Stored data entries:
lemma measure_dyadic_interval:
  assumes "j < 2^n"
  shows "measure PP (dyadic_interval n j) = 1 / 2^n"
proof -
  have "real j / 2^n \<le> (real j + 1) / 2^n" by (simp add: divide_right_mono)
  then show ?thesis
    using dyadic_interval_subset[OF assms] unfolding dyadic_interval_def
    by (subst measure_PP_Ico) (auto simp flip: diff_divide_distrib)
qed

lemma Bset_eq: "Bset n = (\<Union>k<2^(n-2). dyadic_interval n (2 * k))"
  by (auto simp: Bset_def dyadic_interval_def)

lemma Bset_sets: "Bset n \<in> sets PP"
proof -
  have "2 * k < 2^n" if "k < 2^(n-2)" for k :: nat
  proof (cases "n < 2")
    case True
    then show ?thesis using that by (cases n) auto
  next
    case False
    then obtain m where "n = m + 2" by (metis add.commute le_Suc_ex not_less)
    then show ?thesis using that by simp
  qed
  then have "Bset n \<subseteq> {0..<1}"
    unfolding Bset_eq using dyadic_interval_subset by blast
  then show ?thesis unfolding sets_PP_iff Bset_eq dyadic_interval_def by auto
qed

lemma mem_Bset_iff:
  assumes n: "n \<ge> 2" and x: "x \<in> dyadic_interval n j"
  shows "x \<in> Bset n \<longleftrightarrow> even j \<and> j < 2^(n-1)"
proof -
  have "(x \<in> dyadic_interval n i) = (i = j)" for i
  proof
    assume "x \<in> dyadic_interval n i"
    with x have "real j < real i + 1" "real i < real j + 1"
      unfolding mem_dyadic_interval_iff by linarith+
    then show "i = j" by linarith
  qed (use x in simp)
  moreover obtain m where "n = m + 2" using n by (metis add.commute le_Suc_ex)
  then have "(2::nat)^(n-1) = 2 * 2^(n-2)" by simp
  ultimately show ?thesis
    unfolding Bset_eq by (auto elim!: evenE)
qed

lemma dyadic_interval_Suc:
  "dyadic_interval n j = dyadic_interval (Suc n) (2 * j) \<union> dyadic_interval (Suc n) (2 * j + 1)"
  by (auto simp: dyadic_interval_def field_simps)

lemma atLeastLessThan_Suc_dyadic:
  "{0..<real (Suc j) / 2^n} = {0..<real j / 2^n} \<union> dyadic_interval n j"
proof -
  have nonneg: "0 \<le> real j / 2^n" and "real j / 2^n \<le> (real j + 1) / 2^n"
    by (simp_all add: divide_right_mono)
  then show ?thesis by (auto simp: dyadic_interval_def add.commute dest: order_trans[OF nonneg])
qed

lemma measure_Int_Bset_lessThan:
  assumes n: "n \<ge> 2" and S: "S \<in> sets PP"
    and S_dyadic: "\<And>j. even j \<Longrightarrow> j < 2^(n-1) \<Longrightarrow> measure PP (S \<inter> dyadic_interval n j) = c"
  shows "j \<le> 2^(n-1) \<Longrightarrow> measure PP (S \<inter> Bset n \<inter> {0..<real j / 2^n}) = real ((j + 1) div 2) * c"
proof (induction j)
  case (Suc j)
  then have j: "j < 2^(n-1)" by simp
  have "S \<inter> Bset n \<inter> dyadic_interval n j = (if even j then S \<inter> dyadic_interval n j else {})"
    using mem_Bset_iff[OF n, of _ j] j by auto
  then have "S \<inter> Bset n \<inter> {0..<real (Suc j) / 2^n} =
      S \<inter> Bset n \<inter> {0..<real j / 2^n} \<union> (if even j then S \<inter> dyadic_interval n j else {})"
    unfolding atLeastLessThan_Suc_dyadic by blast
  moreover have "S \<inter> Bset n \<inter> {0..<real j / 2^n} \<in> sets PP" "S \<inter> dyadic_interval n j \<in> sets PP"
    using S Bset_sets[of n] by (auto simp: sets_PP_iff dyadic_interval_def)
  ultimately have "measure PP (S \<inter> Bset n \<inter> {0..<real (Suc j) / 2^n}) =
      measure PP (S \<inter> Bset n \<inter> {0..<real j / 2^n}) +
      measure PP (if even j then S \<inter> dyadic_interval n j else {})"
    by (simp only:, intro P.finite_measure_Union) (auto simp: dyadic_interval_def)
  then have "measure PP (S \<inter> Bset n \<inter> {0..<real (Suc j) / 2^n}) =
      measure PP (S \<inter> Bset n \<inter> {0..<real j / 2^n}) + (if even j then c else 0)"
    using S_dyadic[OF _ j] by simp
  then show ?case
    using Suc j by (cases "even j") (auto elim!: evenE oddE simp: algebra_simps)
qed simp

lemma measure_Bset_Int_lessThan:
  assumes n: "n \<ge> 2" and j: "j \<le> 2^(n-1)"
  shows "measure PP (Bset n \<inter> {0..<real j / 2^n}) = real ((j + 1) div 2) / 2^n"
proof -
  have "measure PP ({0..<1} \<inter> dyadic_interval n i) = 1 / 2^n" if "i < 2^(n-1)" for i
  proof -
    have "i < 2^n" using that by (meson diff_le_self less_le_trans one_le_numeral power_increasing)
    then show ?thesis using dyadic_interval_subset measure_dyadic_interval by (simp add: Int_absorb1)
  qed
  from measure_Int_Bset_lessThan[OF n _ this j] show ?thesis
    using Bset_sets[of n] by (simp add: sets_PP_iff Int_absorb1)
qed

lemma Bset_subset_lessThan_dyadic_half:
  assumes "n \<ge> 2"
  shows "Bset n \<subseteq> {0..<real (2^(n-1)) / 2^n}"
proof
  fix x assume "x \<in> Bset n"
  then obtain k where k: "k < 2^(n-2)" and x: "x \<in> dyadic_interval n (2 * k)"
    unfolding Bset_eq by blast
  obtain m where "n = m + 2" using assms by (metis add.commute le_Suc_ex)
  with k have "2 * k + 1 \<le> (2::nat)^(n-1)" by simp
  then have "real (2 * k + 1) / 2^n \<le> real (2^(n-1)) / 2^n"
    by (intro divide_right_mono) (simp_all only: of_nat_le_iff, simp)
  moreover have "x \<in> {0..<real (Suc (2 * k)) / 2^n}"
    using x atLeastLessThan_Suc_dyadic[of "2 * k" n] by blast
  ultimately show "x \<in> {0..<real (2^(n-1)) / 2^n}"
    by simp
qed

lemma measure_Bset:
  assumes n: "n \<ge> 2"
  shows "measure PP (Bset n) = 1 / 4"
proof -
  obtain m where m: "n = m + 2" using n by (metis add.commute le_Suc_ex)
  have "measure PP (Bset n) = measure PP (Bset n \<inter> {0..<real (2^(n-1)) / 2^n})"
    using Bset_subset_lessThan_dyadic_half[OF n] by (simp add: Int_absorb2)
  also have "\<dots> = real ((2^(n-1) + 1) div 2) / 2^n"
    by (rule measure_Bset_Int_lessThan[OF n]) simp
  also have "\<dots> = 1 / 4" unfolding m by simp
  finally show ?thesis .
qed

lemma measure_Bset_Suc_Int_Bset:
  assumes n: "n \<ge> 2"
  shows "measure PP (Bset (Suc n) \<inter> Bset n) = 1 / 8"
proof -
  obtain m where m: "n = m + 2" using n by (metis add.commute le_Suc_ex)
  have "measure PP (Bset (Suc n) \<inter> dyadic_interval n j) = 1 / 2^(Suc n)"
    if "even j" "j < 2^(n-1)" for j
  proof -
    have j: "2 * j < 2^n" "2 * j < 2^(Suc n)"
      using \<open>j < 2^(n-1)\<close> unfolding m by simp_all
    have "x \<in> Bset (Suc n)" if "x \<in> dyadic_interval (Suc n) (2 * j)" for x
      using mem_Bset_iff[of "Suc n" x "2 * j"] n that j by simp
    moreover have "x \<notin> Bset (Suc n)" if "x \<in> dyadic_interval (Suc n) (2 * j + 1)" for x
      using mem_Bset_iff[of "Suc n" x "2 * j + 1"] n that by simp
    ultimately have "Bset (Suc n) \<inter> dyadic_interval n j = dyadic_interval (Suc n) (2 * j)"
      using dyadic_interval_Suc[of n j] by blast
    then show ?thesis using measure_dyadic_interval[OF j(2)] by simp
  qed
  from measure_Int_Bset_lessThan[OF n Bset_sets this, of "2^(n-1)"]
  have "measure PP (Bset (Suc n) \<inter> Bset n \<inter> {0..<real (2^(n-1)) / 2^n}) =
      real ((2^(n-1) + 1) div 2) / 2^(Suc n)"
    by simp
  moreover have "real ((2^(n-1) + 1) div 2) / 2^(Suc n) = (1 / 8 :: real)"
    unfolding m by simp
  ultimately show ?thesis
    using Bset_subset_lessThan_dyadic_half[OF n] by (simp add: Int_absorb2 Int_assoc)
qed

lemma measure_Bset_Int_sixteenths:
  assumes n: "n \<ge> 4" and "odd p" "odd q" "q \<le> p" "p \<le> 8"
  shows "measure PP (Bset n \<inter> {real q / 16..<real p / 16}) = (real p - real q) / 32"
proof -
  obtain m where m: "n = m + 4" using n by (metis add.commute le_Suc_ex)
  have n2: "n \<ge> 2" using n by simp
  have scale: "real r / 16 = real (r * 2^m) / 2^n" for r
    unfolding m by (simp add: power_add)
  have count: "real ((r * 2^m + 1) div 2) = (real r * 2^m + of_bool (m = 0)) / 2" if "odd r" for r
  proof -
    have "2 * ((r * 2^m + 1) div 2) = r * 2^m + of_bool (m = 0)"
      using that by (cases m) (auto elim!: oddE)
    then have "real (2 * ((r * 2^m + 1) div 2)) = real (r * 2^m + of_bool (m = 0))" by (rule arg_cong)
    then show ?thesis by simp
  qed
  have p: "p * 2^m \<le> 2^(n-1)" and q: "q * 2^m \<le> 2^(n-1)"
    using \<open>q \<le> p\<close> \<open>p \<le> 8\<close> unfolding m by (simp_all add: power_add)
  have "{0..<real p / 16} = {0..<real q / 16} \<union> {real q / 16..<real p / 16}"
    using \<open>q \<le> p\<close> by (intro ivl_disj_un_two(3)[symmetric]) auto
  then have "measure PP (Bset n \<inter> {0..<real p / 16}) =
      measure PP (Bset n \<inter> {0..<real q / 16}) + measure PP (Bset n \<inter> {real q / 16..<real p / 16})"
    using Bset_sets[of n]
    by (simp only: Int_Un_distrib, intro P.finite_measure_Union) (auto simp: sets_PP_iff)
  moreover have initial: "measure PP (Bset n \<inter> {0..<real r / 16}) = (real r * 2^m + of_bool (m = 0)) / 2^(n+1)"
    if "odd r" "r * 2^m \<le> 2^(n-1)" for r
    unfolding scale measure_Bset_Int_lessThan[OF n2 that(2)] count[OF that(1)] by simp
  ultimately have "measure PP (Bset n \<inter> {real q / 16..<real p / 16}) = (real p * 2^m - real q * 2^m) / 2^(n+1)"
    using initial[OF \<open>odd p\<close> p] initial[OF \<open>odd q\<close> q]
    unfolding add_divide_distrib diff_divide_distrib by linarith
  also have "\<dots> = (real p - real q) * 2^m / (32 * 2^m)"
    unfolding m by (simp add: power_add left_diff_distrib)
  finally show ?thesis by simp
qed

Your instructions:
Write out only the lines that run from the line containing "using n by simp" through the line containing "using that by (cases m)", both included, exactly as they appear above.

Your response:
  have n2: "n \<ge> 2" using n by simp
  have scale: "real r / 16 = real (r * 2^m) / 2^n" for r
    unfolding m by (simp add: power_add)
  have count: "real ((r * 2^m + 1) div 2) = (real r * 2^m + of_bool (m = 0)) / 2" if "odd r" for r
  proof -
    have "2 * ((r * 2^m + 1) div 2) = r * 2^m + of_bool (m = 0)"
      using that by (cases m) (auto elim!: oddE)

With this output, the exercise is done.